■ **ACTIVITY**:
Transcribe the entire listing exactly as it appears.
START RECORDS SHOWN
lemma lp_obj_inst_le:
  assumes "n \<ge> 1" and feasible: "lp_feasible K (inst_I n) (inst_J n) (inst_E n) y"
  shows "lp_obj (inst_I n) (inst_E n) (inst_w n) y \<le> 1 + 1 / real n ^ 2 - 1 / real n ^ 3"
proof -
  define h where "h = (\<Sum>j\<in>{1..n}. y None j)"
  have "h \<le> 1"
    using feasible unfolding lp_feasible_def h_def nbr_on_inst_E_None[symmetric]
    by (auto simp: inst_I_def)
  have "y None j + (\<Sum>k\<in>{1..n - 1}. y (Some (j, k)) j) \<le> 1" if j: "j \<in> {1..n}" for j
  proof -
    have "(\<Sum>k\<in>{1..n - 1}. y (Some (j, k)) j) = (\<Sum>i\<in>private_nbrs n j. y i j)"
      unfolding private_nbrs_def by (subst sum.reindex) (auto simp: inj_on_def)
    moreover have "(\<Sum>i\<in>nbr_off (inst_E n) j. y i j) \<le> 1"
      using feasible j unfolding lp_feasible_def inst_J_def by auto
    ultimately show ?thesis unfolding nbr_off_inst_E[OF j] by simp
  qed
  then have "(\<Sum>j\<in>{1..n}. \<Sum>k\<in>{1..n - 1}. y (Some (j, k)) j)
      \<le> (\<Sum>j\<in>{1..n}. 1 - y None j)"
    by (intro sum_mono) (simp add: algebra_simps)
  then have "(\<Sum>p\<in>{1..n} \<times> {1..n - 1}. y (Some p) (fst p)) \<le> (\<Sum>j\<in>{1..n}. 1 - y None j)"
    by (simp add: sum.cartesian_product case_prod_beta)
  also have "\<dots> = real n - h" unfolding h_def by (simp add: sum_subtractf)
  finally have "lp_obj (inst_I n) (inst_E n) (inst_w n) y \<le> h + (real n - h) / real n ^ 3"
    unfolding lp_obj_inst h_def[symmetric] using assms(1) by (simp add: divide_right_mono)
  also have "\<dots> = h * (1 - 1 / real n ^ 3) + 1 / real n ^ 2"
    using assms(1) by (simp add: field_simps power2_eq_square power3_eq_cube)
  also have "\<dots> \<le> 1 * (1 - 1 / real n ^ 3) + 1 / real n ^ 2"
    using \<open>h \<le> 1\<close> assms(1) by (intro add_right_mono mult_right_mono) (auto simp: field_simps)
  finally show ?thesis by simp
qed

lemma card_over_le_one_minus_exp:
  assumes "2 * s \<le> n"
  shows "real s / real n \<le> 1 - exp (- real s)"
proof (cases "s = 0")
  case False
  have "real s / real n \<le> 1 / 2"
    using assms False by (simp add: field_simps)
  moreover have "exp (real s) \<ge> 2"
    using exp_ge_add_one_self[of "real s"] False by linarith
  then have "exp (- real s) \<le> 1 / 2"
    by (simp add: exp_minus field_simps)
  ultimately show ?thesis by linarith
qed simp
END RECORDS SHOWN
■ **RESULT OF THIS EXERCISE**:
lemma lp_obj_inst_le:
  assumes "n \<ge> 1" and feasible: "lp_feasible K (inst_I n) (inst_J n) (inst_E n) y"
  shows "lp_obj (inst_I n) (inst_E n) (inst_w n) y \<le> 1 + 1 / real n ^ 2 - 1 / real n ^ 3"
proof -
  define h where "h = (\<Sum>j\<in>{1..n}. y None j)"
  have "h \<le> 1"
    using feasible unfolding lp_feasible_def h_def nbr_on_inst_E_None[symmetric]
    by (auto simp: inst_I_def)
  have "y None j + (\<Sum>k\<in>{1..n - 1}. y (Some (j, k)) j) \<le> 1" if j: "j \<in> {1..n}" for j
  proof -
    have "(\<Sum>k\<in>{1..n - 1}. y (Some (j, k)) j) = (\<Sum>i\<in>private_nbrs n j. y i j)"
      unfolding private_nbrs_def by (subst sum.reindex) (auto simp: inj_on_def)
    moreover have "(\<Sum>i\<in>nbr_off (inst_E n) j. y i j) \<le> 1"
      using feasible j unfolding lp_feasible_def inst_J_def by auto
    ultimately show ?thesis unfolding nbr_off_inst_E[OF j] by simp
  qed
  then have "(\<Sum>j\<in>{1..n}. \<Sum>k\<in>{1..n - 1}. y (Some (j, k)) j)
      \<le> (\<Sum>j\<in>{1..n}. 1 - y None j)"
    by (intro sum_mono) (simp add: algebra_simps)
  then have "(\<Sum>p\<in>{1..n} \<times> {1..n - 1}. y (Some p) (fst p)) \<le> (\<Sum>j\<in>{1..n}. 1 - y None j)"
    by (simp add: sum.cartesian_product case_prod_beta)
  also have "\<dots> = real n - h" unfolding h_def by (simp add: sum_subtractf)
  finally have "lp_obj (inst_I n) (inst_E n) (inst_w n) y \<le> h + (real n - h) / real n ^ 3"
    unfolding lp_obj_inst h_def[symmetric] using assms(1) by (simp add: divide_right_mono)
  also have "\<dots> = h * (1 - 1 / real n ^ 3) + 1 / real n ^ 2"
    using assms(1) by (simp add: field_simps power2_eq_square power3_eq_cube)
  also have "\<dots> \<le> 1 * (1 - 1 / real n ^ 3) + 1 / real n ^ 2"
    using \<open>h \<le> 1\<close> assms(1) by (intro add_right_mono mult_right_mono) (auto simp: field_simps)
  finally show ?thesis by simp
qed

lemma card_over_le_one_minus_exp:
  assumes "2 * s \<le> n"
  shows "real s / real n \<le> 1 - exp (- real s)"
proof (cases "s = 0")
  case False
  have "real s / real n \<le> 1 / 2"
    using assms False by (simp add: field_simps)
  moreover have "exp (real s) \<ge> 2"
    using exp_ge_add_one_self[of "real s"] False by linarith
  then have "exp (- real s) \<le> 1 / 2"
    by (simp add: exp_minus field_simps)
  ultimately show ?thesis by linarith
qed simp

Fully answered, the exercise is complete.